Decencio le miró con cautela, como si intentara discernir si tras esa pregunta se ocultaba una traición, pero al no percibir ninguna finalmente se encogió de hombros.
—No veo razones para ocultártelo. El emperador desea situar a tus soldados galos en la vanguardia de su campaña contra Persia. El rey Sapor ha atacado nuestras fronteras orientales y las legiones del este necesitan refuerzos. El emperador ha llegado a la conclusión de que en la Galia no existe amenaza de guerra, pues los bárbaros han abandonado sus intenciones de seguir atacando, evidentemente por temor a las represalias. La reputación de sus soldados galos se ha extendido más allá de los confines de la región, incluso hasta la corte de Sapor, que tiembla ante la idea de enfrentarse a los valerosos galos de Constancio. De ahí su decisión de transferir tropas que no necesitas a sus generales del este.
Juliano abrió los ojos de par en par y guardó silencio mientras asimilaba la información.
—Como ya he dicho, estoy impaciente por cumplir las órdenes del emperador. Hay, sin embargo, un pequeño asunto legal que resolver. Cuando recluté a los soldados galos que el emperador solicita, fue con la condición expresa de que nunca tendrían que ir a regiones situadas al otro lado de los Alpes. No soportan la idea de que los alejen de su hogar. No solo su traslado al este sería una violación de dicha condición, sino que mi futura capacidad para reclutar auxiliares galos se vería perjudicada si temen que puedan enviarlos a tierras cálidas, lejos de sus familias.
Decencio se encogió de hombros antes de ponerse en pie.
—Tus acuerdos privados con los bárbaros no son de mi incumbencia ni tienen peso alguno en las órdenes del emperador. Probablemente por eso la petición no iba dirigida a ti, sino a Lupicino y Síntula. Se te ha liberado de toda responsabilidad y me atrevo a decir que te convendría abstenerte de hacer algo por impedir el traslado. Buenas noches.
Y sin el menor gesto o inclinación, el hombre salió de la estancia.

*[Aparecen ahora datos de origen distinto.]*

lemma xdist_unique:
  assumes "f 0 = 0"
    and le: "\<And>p q. xstep w p q \<Longrightarrow> f q \<le> f p + 1"
    and predecessor: "\<And>q. 1 \<le> q \<Longrightarrow> q \<le> length w \<Longrightarrow> \<exists>p. xstep w p q \<and> f q = f p + 1"
    and "q \<le> length w"
  shows "f q = xdist w q"
  using assms(4)
proof (induction q rule: less_induct)
  case (less q)
  show ?case
  proof (cases "q = 0")
    case True
    then show ?thesis using assms(1) by (simp add: xdist_def)
  next
    case False
    then obtain p where p: "xstep w p q" "xdist w q = xdist w p + 1"
      using xdist_xstep_predecessor[of q w] less.prems by auto
    obtain p' where p': "xstep w p' q" "f q = f p' + 1"
      using predecessor[of q] False less.prems by auto
    have "f p = xdist w p" "f p' = xdist w p'"
      using less.IH p(1) p'(1) less.prems by (auto simp: xstep_def)
    then show ?thesis using le[OF p(1)] xdist_xstep_le[OF p'(1)] p(2) p'(2) by simp
  qed
qed

lemma avoids_first_occurrence:
  assumes "\<not> avoids w a p q"
  obtains t where "p < t" "t < q" "w ! (t - 1) = a" "avoids w a p t"
proof -
  let ?P = "\<lambda>t. p < t \<and> t < q \<and> w ! (t - 1) = a"
  have ex: "\<exists>t. ?P t" using assms by (auto simp: avoids_def)
  have "avoids w a p (LEAST t. ?P t)"
    unfolding avoids_def using not_less_Least less_trans LeastI_ex[OF ex] by blast
  then show ?thesis using that LeastI_ex[OF ex] by blast
qed

definition remove_pos :: "nat \<Rightarrow> 'a list \<Rightarrow> 'a list" where
  "remove_pos i u = take (i - 1) u @ drop i u"

definition skip :: "nat \<Rightarrow> nat \<Rightarrow> nat" where
  "skip i p = (if p < i then p else Suc p)"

Juliano hirvió de indignación unos instantes antes de dar un fuerte golpe en la mesa que hizo que algunos pergaminos salieran volando. Me levanté asustado.

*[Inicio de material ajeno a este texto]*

(* Label the hyperedges so that $|h_1|\le|h_2|\le\dots\le|h_M|$. If $N\ge2$ and $M\ge2$, then $$\lambda_{N-1}\le\max\{|h_M|-1,\ |h_{M-1}|\}.$$ More generally, for every integer $k$ with $1\le k\le\min(N,M)-1$, $$\lambda_{N-k}\le\max_{i=0,\dots,k}\bigl(|h_{M-i}|-k+i\bigr).$$
   Context: Let $\Gamma=(V,H,\mathcal C)$ be a hypergraph with real coefficients: $V=\{v_1,\dots,v_N\}$ is a finite set of vertices, $H=(h_1,\dots,h_M)$ is a finite family of non-empty subsets $h_j\subseteq V$ called hyperedges (repetitions allowed; hyperedges are distinguished by their index), and $\mathcal C=\{C_{v,h}\in\mathbb R\}$ is a family of real coefficients with $C_{v,h}=0$ if and only if $v\notin h$. Standing assumptions: every vertex lies in at least one hyperedge, and $\Gamma$ is connected. The degree of $v$ is $\deg v=\sum_{h\in H}C_{v,h}^2>0$. The vertex normalized Laplacian is $Lf(v)=\frac{1}{\deg v}\sum_{h\in H}C_{v,h}\sum_{w\in V}C_{w,h}f(w)$; its eigenvalues are $\lambda_1\le\dots\le\lambda_N$. The cardinality $|h|$ of a hyperedge is its number of vertices. *)

theory Defs
  imports "Jordan_Normal_Form.Char_Poly"
begin

text \<open>A hypergraph with real coefficients: vertices 0..N-1, hyperedges 0..M-1,
  coefficient C v j of vertex v in hyperedge j. Hyperedge j is the set of
  vertices with nonzero coefficient.\<close>

definition hedge :: "nat \<Rightarrow> (nat \<Rightarrow> nat \<Rightarrow> real) \<Rightarrow> nat \<Rightarrow> nat set" where
  "hedge N C j = {v. v < N \<and> C v j \<noteq> 0}"

definition hdeg :: "nat \<Rightarrow> (nat \<Rightarrow> nat \<Rightarrow> real) \<Rightarrow> nat \<Rightarrow> real" where
  "hdeg M C v = (\<Sum>j<M. (C v j)^2)"

definition hadj :: "nat \<Rightarrow> nat \<Rightarrow> (nat \<Rightarrow> nat \<Rightarrow> real) \<Rightarrow> nat \<Rightarrow> nat \<Rightarrow> bool" where
  "hadj N M C v w = (\<exists>j<M. v \<in> hedge N C j \<and> w \<in> hedge N C j)"

definition hconnected :: "nat \<Rightarrow> nat \<Rightarrow> (nat \<Rightarrow> nat \<Rightarrow> real) \<Rightarrow> bool" where
  "hconnected N M C = (\<forall>v<N. \<forall>w<N. (hadj N M C)\<^sup>*\<^sup>* v w)"

definition hlaplacian :: "nat \<Rightarrow> nat \<Rightarrow> (nat \<Rightarrow> nat \<Rightarrow> real) \<Rightarrow> real mat" where
  "hlaplacian N M C = mat N N (\<lambda>(v, w). (1 / hdeg M C v) * (\<Sum>j<M. C v j * C w j))"

definition sorted_eigenvalues :: "real mat \<Rightarrow> real list \<Rightarrow> bool" where
  "sorted_eigenvalues A ls \<longleftrightarrow> length ls = dim_row A \<and> sorted ls \<and>
     char_poly A = (\<Prod>a\<leftarrow>ls. [:- a, 1:])"

end

theory Submission
  imports Defs "Jordan_Normal_Form.Schur_Decomposition" "HOL-Analysis.Convex"
begin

—¡Maldita sea, Cesáreo! ¡Invadir Persia con mis soldados! Ese hombre está loco, loco. ¿Qué podría ganar el emperador con semejante empresa?
—Necesita hacer algo relevante, Juliano —dije con calma—. Constancio lleva más de una década en el poder y todavía no ha ido a la guerra ni conquistado territorios importantes…
—¿De modo que todo esto es para los libros de historia? —me interrumpió Juliano mientras comenzaba a pasearse de un lado a otro—. ¿Se está incautando ilegalmente de mis tropas para reforzar su reputación?
—Ilegalmente, no. Es el emperador.
Juliano se volvió de pronto.
—También el emperador está obligado a mirar por los intereses del Imperio —farfulló—. No es Nerón, por todos los santos, ¡es el hijo de Constantino!
—¿Acaso eso le exime de la ambición?
—No, pero tampoco le exime del buen juicio. Las provincias del oeste viven seguras y en paz, el dinero y el comercio circulan, y a los persas se les puede mantener fácilmente a raya con algunas negociaciones hábiles y un par de guarniciones. ¿Está dispuesto a poner en peligro todas esas vidas, todo ese tesoro, todo lo que hemos obtenido durante los últimos cinco años por una aventura disparatada, únicamente para que su nombre salga en los libros de historia? ¡Cesáreo, está loco!
—Y tú estás dispuesto a desestabilizar el Imperio al desobedecerle. ¿Quieres agravar su error?
Juliano se hundió en su silla, absorto en sus pensamientos, sopesando sus desagradables opciones. Si algo había aprendido de Salustio, de su fe cristiana, con los años, era que la autoridad debía respetarse… pero ¿hasta qué punto? ¿Hasta el punto de ir contra sus propios valores, contra su patriotismo? ¿Hasta el punto de poner en peligro la seguridad de la propia Roma?
La noche fue larga e insomne para Juliano y sus consejeros y cortesanos, y yo finalmente me retiré a mi cuarto. Por el camino estuve a punto de chocar con Oribasio, que se dirigía a ver a Juliano para la consulta solicitada. Le interrogué amablemente, pues era extraño que el letárgico médico estuviera levantado y, para colmo, pareciera tan lleno de energía a esas horas, pero se limitó a sonreír enigmáticamente antes de entrar en el despacho. Por iniciativa del complaciente Síntula, ya se estaban haciendo los preparativos para la partida de los soldados. Nerviosos, los hombres seleccionados, o cuando menos aquellos que sospechaban que sus compañías iban a ser seleccionadas, habían empezado a reunirse. Lo peor, sin embargo, eran los lamentos. Como bien sabes, hermano, las tropas auxiliares no sirven en su región sin un abundante número de acompañantes, sus esposas e hijos, a veces incluso sus madres y demás familiares, así como gran cantidad de mujeres entregadas a relaciones menos lícitas pero igual de ruidosas cuando se acerca la hora de la partida de sus hombres. De ahí los lamentos.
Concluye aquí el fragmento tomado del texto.